--- PROVIDED RECORDS ---

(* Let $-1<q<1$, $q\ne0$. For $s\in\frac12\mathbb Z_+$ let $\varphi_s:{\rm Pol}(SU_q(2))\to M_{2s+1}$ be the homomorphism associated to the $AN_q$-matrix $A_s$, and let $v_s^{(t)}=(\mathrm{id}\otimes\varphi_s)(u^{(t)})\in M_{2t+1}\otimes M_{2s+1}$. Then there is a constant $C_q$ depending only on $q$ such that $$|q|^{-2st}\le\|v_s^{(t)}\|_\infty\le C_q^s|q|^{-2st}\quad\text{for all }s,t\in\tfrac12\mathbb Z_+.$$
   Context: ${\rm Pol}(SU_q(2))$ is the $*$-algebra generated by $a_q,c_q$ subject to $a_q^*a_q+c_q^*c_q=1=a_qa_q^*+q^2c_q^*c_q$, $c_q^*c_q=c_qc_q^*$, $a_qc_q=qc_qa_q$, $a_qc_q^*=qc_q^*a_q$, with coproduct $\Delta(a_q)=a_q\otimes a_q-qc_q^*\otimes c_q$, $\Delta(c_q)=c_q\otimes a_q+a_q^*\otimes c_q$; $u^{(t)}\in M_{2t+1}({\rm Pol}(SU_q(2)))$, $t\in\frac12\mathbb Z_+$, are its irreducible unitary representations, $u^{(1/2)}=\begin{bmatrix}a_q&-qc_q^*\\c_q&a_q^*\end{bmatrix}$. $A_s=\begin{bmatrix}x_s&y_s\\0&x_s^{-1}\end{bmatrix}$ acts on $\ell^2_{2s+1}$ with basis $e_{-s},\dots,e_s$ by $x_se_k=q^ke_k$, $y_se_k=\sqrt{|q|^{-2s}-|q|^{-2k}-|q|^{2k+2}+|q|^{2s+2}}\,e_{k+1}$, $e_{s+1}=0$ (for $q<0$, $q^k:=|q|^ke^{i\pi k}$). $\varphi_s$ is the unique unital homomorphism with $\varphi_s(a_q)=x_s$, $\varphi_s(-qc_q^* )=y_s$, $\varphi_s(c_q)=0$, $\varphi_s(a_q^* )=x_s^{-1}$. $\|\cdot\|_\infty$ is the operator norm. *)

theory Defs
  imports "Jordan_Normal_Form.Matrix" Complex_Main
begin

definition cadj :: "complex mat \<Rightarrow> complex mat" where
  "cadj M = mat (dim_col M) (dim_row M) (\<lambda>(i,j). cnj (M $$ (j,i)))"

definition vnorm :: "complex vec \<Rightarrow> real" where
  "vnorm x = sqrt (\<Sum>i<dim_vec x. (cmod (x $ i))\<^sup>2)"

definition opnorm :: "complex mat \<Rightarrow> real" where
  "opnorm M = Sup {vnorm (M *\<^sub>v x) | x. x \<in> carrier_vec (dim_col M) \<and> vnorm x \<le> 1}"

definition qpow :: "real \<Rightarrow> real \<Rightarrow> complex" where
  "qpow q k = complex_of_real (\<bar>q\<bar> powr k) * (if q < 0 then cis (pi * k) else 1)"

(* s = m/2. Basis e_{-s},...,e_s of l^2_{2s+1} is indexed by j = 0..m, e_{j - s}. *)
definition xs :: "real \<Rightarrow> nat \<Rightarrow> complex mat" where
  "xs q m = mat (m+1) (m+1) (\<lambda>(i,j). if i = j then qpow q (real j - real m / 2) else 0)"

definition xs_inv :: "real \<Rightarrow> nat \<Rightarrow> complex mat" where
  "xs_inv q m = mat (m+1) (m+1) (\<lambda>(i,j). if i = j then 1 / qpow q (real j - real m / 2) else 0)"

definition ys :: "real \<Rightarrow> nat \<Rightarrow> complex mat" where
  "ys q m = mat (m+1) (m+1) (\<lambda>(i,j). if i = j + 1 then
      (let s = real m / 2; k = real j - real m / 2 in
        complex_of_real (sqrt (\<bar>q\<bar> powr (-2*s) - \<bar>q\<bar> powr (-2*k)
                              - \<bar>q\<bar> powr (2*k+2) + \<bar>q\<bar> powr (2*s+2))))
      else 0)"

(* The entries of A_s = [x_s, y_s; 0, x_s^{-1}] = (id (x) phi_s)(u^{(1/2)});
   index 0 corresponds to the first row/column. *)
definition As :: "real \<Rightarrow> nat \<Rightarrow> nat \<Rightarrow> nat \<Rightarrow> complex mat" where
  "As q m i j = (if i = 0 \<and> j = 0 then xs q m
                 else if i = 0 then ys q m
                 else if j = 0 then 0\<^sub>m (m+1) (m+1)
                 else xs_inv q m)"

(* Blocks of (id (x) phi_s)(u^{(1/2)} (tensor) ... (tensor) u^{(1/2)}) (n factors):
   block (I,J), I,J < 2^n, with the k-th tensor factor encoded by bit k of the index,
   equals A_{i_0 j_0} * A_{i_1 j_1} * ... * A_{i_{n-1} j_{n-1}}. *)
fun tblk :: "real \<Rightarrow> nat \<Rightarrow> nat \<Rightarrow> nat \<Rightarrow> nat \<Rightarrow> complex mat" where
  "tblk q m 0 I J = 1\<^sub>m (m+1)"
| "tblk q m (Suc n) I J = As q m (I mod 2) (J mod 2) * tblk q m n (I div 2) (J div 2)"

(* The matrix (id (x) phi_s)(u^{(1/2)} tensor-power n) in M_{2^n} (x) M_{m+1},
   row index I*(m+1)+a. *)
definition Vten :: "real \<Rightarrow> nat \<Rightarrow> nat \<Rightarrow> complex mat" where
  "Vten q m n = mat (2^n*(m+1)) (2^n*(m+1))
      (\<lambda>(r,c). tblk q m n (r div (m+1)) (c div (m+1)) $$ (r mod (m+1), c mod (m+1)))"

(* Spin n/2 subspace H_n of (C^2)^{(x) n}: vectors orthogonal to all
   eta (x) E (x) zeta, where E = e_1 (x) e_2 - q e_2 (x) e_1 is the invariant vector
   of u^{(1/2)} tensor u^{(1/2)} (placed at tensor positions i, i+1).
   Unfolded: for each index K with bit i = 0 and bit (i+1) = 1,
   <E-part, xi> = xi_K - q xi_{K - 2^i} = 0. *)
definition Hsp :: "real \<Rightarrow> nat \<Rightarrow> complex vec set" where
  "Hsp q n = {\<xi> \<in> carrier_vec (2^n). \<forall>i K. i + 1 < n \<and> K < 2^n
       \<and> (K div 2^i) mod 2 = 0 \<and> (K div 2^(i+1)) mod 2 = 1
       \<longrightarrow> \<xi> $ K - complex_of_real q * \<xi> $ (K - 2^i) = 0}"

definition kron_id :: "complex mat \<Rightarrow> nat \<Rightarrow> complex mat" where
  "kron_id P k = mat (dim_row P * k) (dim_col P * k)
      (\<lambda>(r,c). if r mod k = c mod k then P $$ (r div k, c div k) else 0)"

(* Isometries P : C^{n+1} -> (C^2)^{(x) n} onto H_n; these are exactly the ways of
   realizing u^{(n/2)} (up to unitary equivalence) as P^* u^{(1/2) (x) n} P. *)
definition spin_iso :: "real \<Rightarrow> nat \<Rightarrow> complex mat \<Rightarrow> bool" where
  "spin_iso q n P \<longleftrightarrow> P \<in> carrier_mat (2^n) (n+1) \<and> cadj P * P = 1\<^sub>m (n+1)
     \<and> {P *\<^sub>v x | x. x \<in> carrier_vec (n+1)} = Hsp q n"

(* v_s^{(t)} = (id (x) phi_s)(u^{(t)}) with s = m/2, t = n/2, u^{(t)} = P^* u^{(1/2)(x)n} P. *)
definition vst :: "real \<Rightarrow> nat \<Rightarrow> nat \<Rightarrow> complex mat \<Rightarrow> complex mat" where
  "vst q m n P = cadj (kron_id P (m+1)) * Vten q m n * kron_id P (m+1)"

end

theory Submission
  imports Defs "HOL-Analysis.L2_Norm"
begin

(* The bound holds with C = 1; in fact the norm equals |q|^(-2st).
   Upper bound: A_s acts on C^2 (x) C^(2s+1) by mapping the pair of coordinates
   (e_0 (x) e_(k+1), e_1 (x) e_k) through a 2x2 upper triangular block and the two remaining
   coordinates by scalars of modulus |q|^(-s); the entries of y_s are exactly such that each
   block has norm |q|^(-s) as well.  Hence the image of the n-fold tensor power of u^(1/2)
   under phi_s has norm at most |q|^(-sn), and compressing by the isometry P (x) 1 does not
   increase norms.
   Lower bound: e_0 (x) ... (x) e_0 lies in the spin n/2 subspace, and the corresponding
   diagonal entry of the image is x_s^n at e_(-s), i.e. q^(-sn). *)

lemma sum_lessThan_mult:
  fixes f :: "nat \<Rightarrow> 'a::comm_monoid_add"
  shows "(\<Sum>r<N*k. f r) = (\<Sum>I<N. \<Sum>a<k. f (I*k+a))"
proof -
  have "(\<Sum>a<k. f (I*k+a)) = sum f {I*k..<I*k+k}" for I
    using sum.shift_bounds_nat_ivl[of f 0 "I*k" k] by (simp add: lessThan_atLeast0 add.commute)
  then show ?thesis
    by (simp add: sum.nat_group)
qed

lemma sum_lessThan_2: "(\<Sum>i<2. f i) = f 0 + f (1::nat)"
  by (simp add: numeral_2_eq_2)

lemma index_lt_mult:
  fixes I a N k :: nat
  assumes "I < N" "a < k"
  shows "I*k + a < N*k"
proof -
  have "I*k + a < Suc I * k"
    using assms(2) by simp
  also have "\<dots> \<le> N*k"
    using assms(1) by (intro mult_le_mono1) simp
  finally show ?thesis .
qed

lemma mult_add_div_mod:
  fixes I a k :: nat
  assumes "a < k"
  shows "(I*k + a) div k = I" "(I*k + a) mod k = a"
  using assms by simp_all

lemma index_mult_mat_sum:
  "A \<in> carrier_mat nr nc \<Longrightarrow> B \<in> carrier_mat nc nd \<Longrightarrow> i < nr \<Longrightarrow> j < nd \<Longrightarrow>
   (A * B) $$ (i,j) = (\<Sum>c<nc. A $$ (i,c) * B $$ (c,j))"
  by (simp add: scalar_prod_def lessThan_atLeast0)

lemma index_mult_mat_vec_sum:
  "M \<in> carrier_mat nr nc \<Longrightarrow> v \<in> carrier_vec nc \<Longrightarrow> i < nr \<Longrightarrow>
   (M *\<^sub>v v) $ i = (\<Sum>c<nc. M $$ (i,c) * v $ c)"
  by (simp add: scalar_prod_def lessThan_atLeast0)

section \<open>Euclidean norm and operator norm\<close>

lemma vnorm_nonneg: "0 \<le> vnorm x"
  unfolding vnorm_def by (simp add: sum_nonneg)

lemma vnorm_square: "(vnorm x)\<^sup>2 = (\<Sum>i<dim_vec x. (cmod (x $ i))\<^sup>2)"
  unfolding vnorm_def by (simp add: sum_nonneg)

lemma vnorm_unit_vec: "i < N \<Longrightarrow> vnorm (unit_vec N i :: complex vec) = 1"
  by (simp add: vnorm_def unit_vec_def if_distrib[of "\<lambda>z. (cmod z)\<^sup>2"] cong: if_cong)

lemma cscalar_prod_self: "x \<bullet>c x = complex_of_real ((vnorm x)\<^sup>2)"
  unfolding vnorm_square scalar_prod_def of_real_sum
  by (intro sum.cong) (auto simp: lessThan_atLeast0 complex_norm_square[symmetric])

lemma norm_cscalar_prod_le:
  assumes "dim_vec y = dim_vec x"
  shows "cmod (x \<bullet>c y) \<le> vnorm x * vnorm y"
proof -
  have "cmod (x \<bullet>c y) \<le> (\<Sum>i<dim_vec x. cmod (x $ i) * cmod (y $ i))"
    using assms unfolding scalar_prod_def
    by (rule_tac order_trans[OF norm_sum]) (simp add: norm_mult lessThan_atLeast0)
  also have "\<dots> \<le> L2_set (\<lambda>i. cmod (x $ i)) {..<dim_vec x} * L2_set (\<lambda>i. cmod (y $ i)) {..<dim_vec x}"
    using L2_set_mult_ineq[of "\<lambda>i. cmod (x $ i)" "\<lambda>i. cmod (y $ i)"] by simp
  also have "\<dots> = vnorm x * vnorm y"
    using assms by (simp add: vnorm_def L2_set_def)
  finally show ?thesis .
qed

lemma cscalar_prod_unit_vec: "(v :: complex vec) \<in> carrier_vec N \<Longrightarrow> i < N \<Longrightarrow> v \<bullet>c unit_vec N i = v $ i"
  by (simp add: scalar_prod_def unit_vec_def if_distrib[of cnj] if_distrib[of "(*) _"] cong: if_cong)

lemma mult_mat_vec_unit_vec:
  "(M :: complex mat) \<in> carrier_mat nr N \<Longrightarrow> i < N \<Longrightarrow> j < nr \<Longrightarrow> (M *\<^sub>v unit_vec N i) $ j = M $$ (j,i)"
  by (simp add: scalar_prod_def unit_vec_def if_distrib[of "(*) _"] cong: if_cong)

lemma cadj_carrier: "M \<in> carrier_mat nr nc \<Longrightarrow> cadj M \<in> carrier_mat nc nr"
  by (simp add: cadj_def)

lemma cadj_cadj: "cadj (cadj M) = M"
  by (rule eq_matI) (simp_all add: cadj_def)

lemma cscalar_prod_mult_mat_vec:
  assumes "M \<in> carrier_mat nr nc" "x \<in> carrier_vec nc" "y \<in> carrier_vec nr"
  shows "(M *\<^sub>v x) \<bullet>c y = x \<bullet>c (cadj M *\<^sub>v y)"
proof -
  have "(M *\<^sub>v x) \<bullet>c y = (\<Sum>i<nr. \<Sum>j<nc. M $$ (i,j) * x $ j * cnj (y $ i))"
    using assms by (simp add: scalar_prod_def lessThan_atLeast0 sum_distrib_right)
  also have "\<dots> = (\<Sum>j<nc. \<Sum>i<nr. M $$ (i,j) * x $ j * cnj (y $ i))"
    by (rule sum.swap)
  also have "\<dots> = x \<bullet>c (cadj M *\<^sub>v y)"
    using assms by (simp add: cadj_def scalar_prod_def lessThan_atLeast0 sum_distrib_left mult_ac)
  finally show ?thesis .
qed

---

THE PROBLEM: Starting with the first line of the data above, copy each line exactly until you reach the line with "theory Defs"; include that line as well.

ANSWER BOX:
(* Let $-1<q<1$, $q\ne0$. For $s\in\frac12\mathbb Z_+$ let $\varphi_s:{\rm Pol}(SU_q(2))\to M_{2s+1}$ be the homomorphism associated to the $AN_q$-matrix $A_s$, and let $v_s^{(t)}=(\mathrm{id}\otimes\varphi_s)(u^{(t)})\in M_{2t+1}\otimes M_{2s+1}$. Then there is a constant $C_q$ depending only on $q$ such that $$|q|^{-2st}\le\|v_s^{(t)}\|_\infty\le C_q^s|q|^{-2st}\quad\text{for all }s,t\in\tfrac12\mathbb Z_+.$$
   Context: ${\rm Pol}(SU_q(2))$ is the $*$-algebra generated by $a_q,c_q$ subject to $a_q^*a_q+c_q^*c_q=1=a_qa_q^*+q^2c_q^*c_q$, $c_q^*c_q=c_qc_q^*$, $a_qc_q=qc_qa_q$, $a_qc_q^*=qc_q^*a_q$, with coproduct $\Delta(a_q)=a_q\otimes a_q-qc_q^*\otimes c_q$, $\Delta(c_q)=c_q\otimes a_q+a_q^*\otimes c_q$; $u^{(t)}\in M_{2t+1}({\rm Pol}(SU_q(2)))$, $t\in\frac12\mathbb Z_+$, are its irreducible unitary representations, $u^{(1/2)}=\begin{bmatrix}a_q&-qc_q^*\\c_q&a_q^*\end{bmatrix}$. $A_s=\begin{bmatrix}x_s&y_s\\0&x_s^{-1}\end{bmatrix}$ acts on $\ell^2_{2s+1}$ with basis $e_{-s},\dots,e_s$ by $x_se_k=q^ke_k$, $y_se_k=\sqrt{|q|^{-2s}-|q|^{-2k}-|q|^{2k+2}+|q|^{2s+2}}\,e_{k+1}$, $e_{s+1}=0$ (for $q<0$, $q^k:=|q|^ke^{i\pi k}$). $\varphi_s$ is the unique unital homomorphism with $\varphi_s(a_q)=x_s$, $\varphi_s(-qc_q^* )=y_s$, $\varphi_s(c_q)=0$, $\varphi_s(a_q^* )=x_s^{-1}$. $\|\cdot\|_\infty$ is the operator norm. *)

theory Defs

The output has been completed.